Reagan, Space Panel Head Ask Continued Exploration
WASHINGTON — The Democratic chairman of the House Committee on Science and Technology joined President Reagan on Saturday in urging that the nation press ahead with space exploration despite the disastrous explosion that destroyed the Challenger shuttle and its crew of seven.
“This in no way means that we have lost, or will relinquish, the shuttle program,” said Rep. Don Fuqua (D-Fla.), whose committee has jurisdiction over the National Aeronautics and Space Administration, its programs and its budget authorizations. “We will continue to build on its strength and strengthen its weaknesses. . . . We will be relentless in our search for answers to what went wrong.”
Fuqua spoke in a broadcast response for the Democrats to Reagan’s regular weekly radio talk, in which the President restated last week’s commitments not to let last Tuesday’s accident deter the space effort.
“The Challenger crew was pulling us into the future, and we’ll continue to follow them,” Reagan said Saturday. “Nothing ends here.
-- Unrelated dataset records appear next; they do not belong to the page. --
lemma lev_hooks:
  assumes "ensemble_list n xs"
  shows "lev ` hooks n xs = lev ` (blocks_pts n xs - {(0, 0)})"
proof
  show "lev ` hooks n xs \<subseteq> lev ` (blocks_pts n xs - {(0, 0)})"
    using hooks_subset[OF assms] by auto
next
  show "lev ` (blocks_pts n xs - {(0, 0)}) \<subseteq> lev ` hooks n xs"
  proof
    fix l assume "l \<in> lev ` (blocks_pts n xs - {(0, 0)})"
    then obtain P x where P: "P \<noteq> (0, 0)" "l = lev P" "x \<in> set xs" "P \<in> block_pts n x"
      unfolding blocks_pts_def by blast
    obtain Q where Q: "Q \<in> hook n x" "lev Q = lev P"
      using hook_meets_level[OF P(4)] by blast
    have "Q \<noteq> (0, 0)" using P(1) Q(2) by (cases P) (auto simp: lev_def)
    then have "Q \<in> hooks n xs"
      using P(3) Q(1) unfolding hooks_def by blast
    then show "l \<in> lev ` hooks n xs"
      using P(2) Q(2) by (metis image_eqI)
  qed
qed

lemma span_hooks:
  assumes "ensemble_list n xs"
  shows "V.span (vpt n ` hooks n xs) = V.span (vpt n ` (blocks_pts n xs - {(0, 0)}))"
proof
  show "V.span (vpt n ` hooks n xs) \<subseteq> V.span (vpt n ` (blocks_pts n xs - {(0, 0)}))"
    using hooks_subset[OF assms] by (intro V.span_mono) auto
next
  have "vpt n P \<in> V.span (vpt n ` hooks n xs)" if P: "P \<in> blocks_pts n xs" for P
  proof -
    obtain x where x: "x \<in> set xs" "P \<in> block_pts n x"
      using P unfolding blocks_pts_def by blast
    have "vpt n ` hook n x \<subseteq> insert 0 (vpt n ` hooks n xs)"
    proof
      fix v assume "v \<in> vpt n ` hook n x"
      then obtain Q where "Q \<in> hook n x" "v = vpt n Q" by blast
      then show "v \<in> insert 0 (vpt n ` hooks n xs)"
        using x(1) unfolding hooks_def by (cases "Q = (0, 0)") auto
    qed
    moreover have "vpt n P \<in> V.span (vpt n ` hook n x)"
      using assms x by (intro vpt_in_span_hook) (auto simp: ensemble_list_def)
    ultimately have "vpt n P \<in> V.span (insert 0 (vpt n ` hooks n xs))"
      using V.span_mono by blast
    then show ?thesis by simp
  qed
  then show "V.span (vpt n ` (blocks_pts n xs - {(0, 0)})) \<subseteq> V.span (vpt n ` hooks n xs)"
    by (intro V.span_minimal V.subspace_span) auto
qed

subsection \<open>Independence of chains\<close>

lemma chain_has_greatest:
  assumes "finite C" "C \<noteq> {}" "\<forall>P\<in>C. \<forall>Q\<in>C. pleq P Q \<or> pleq Q P"
  obtains Q where "Q \<in> C" "\<forall>P\<in>C. pleq P Q"
proof -
  have "Max (lev ` C) \<in> lev ` C"
    using assms(1,2) by (intro Max_in) auto
  then obtain Q where Q: "Q \<in> C" "lev Q = Max (lev ` C)"
    by force
  have "pleq P Q" if P: "P \<in> C" for P
  proof -
    have "lev P \<le> lev Q" using assms(1) Q(2) P by simp
    then show ?thesis
      using assms(3) Q(1) P pleq_lev_eq[of Q P] lev_mono[of Q P] by fastforce
  qed
  then show ?thesis using Q(1) that by blast
qed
Our hopes and our journeys continue.”
Noting that 19 years have passed since the fire on Jan. 27, 1967, on the pad at Cape Canaveral, Fla., that killed three astronauts rehearsing for the first Apollo mission, Reagan said Americans tend to forget “that progress does not come without great costs or daunting risks.”
Calling “man’s permanent presence in space” the next goal, Fuqua said the nation must continue to support both manned and unmanned space programs. He cited the example of Voyager 2, the unmanned vehicle that he said has “sent back more information about Uranus than we’ve been able to learn and collect about that far planet since its discovery.”
Such programs are “steppingstones which some day will enable us to break out in whole new directions,” Fuqua said.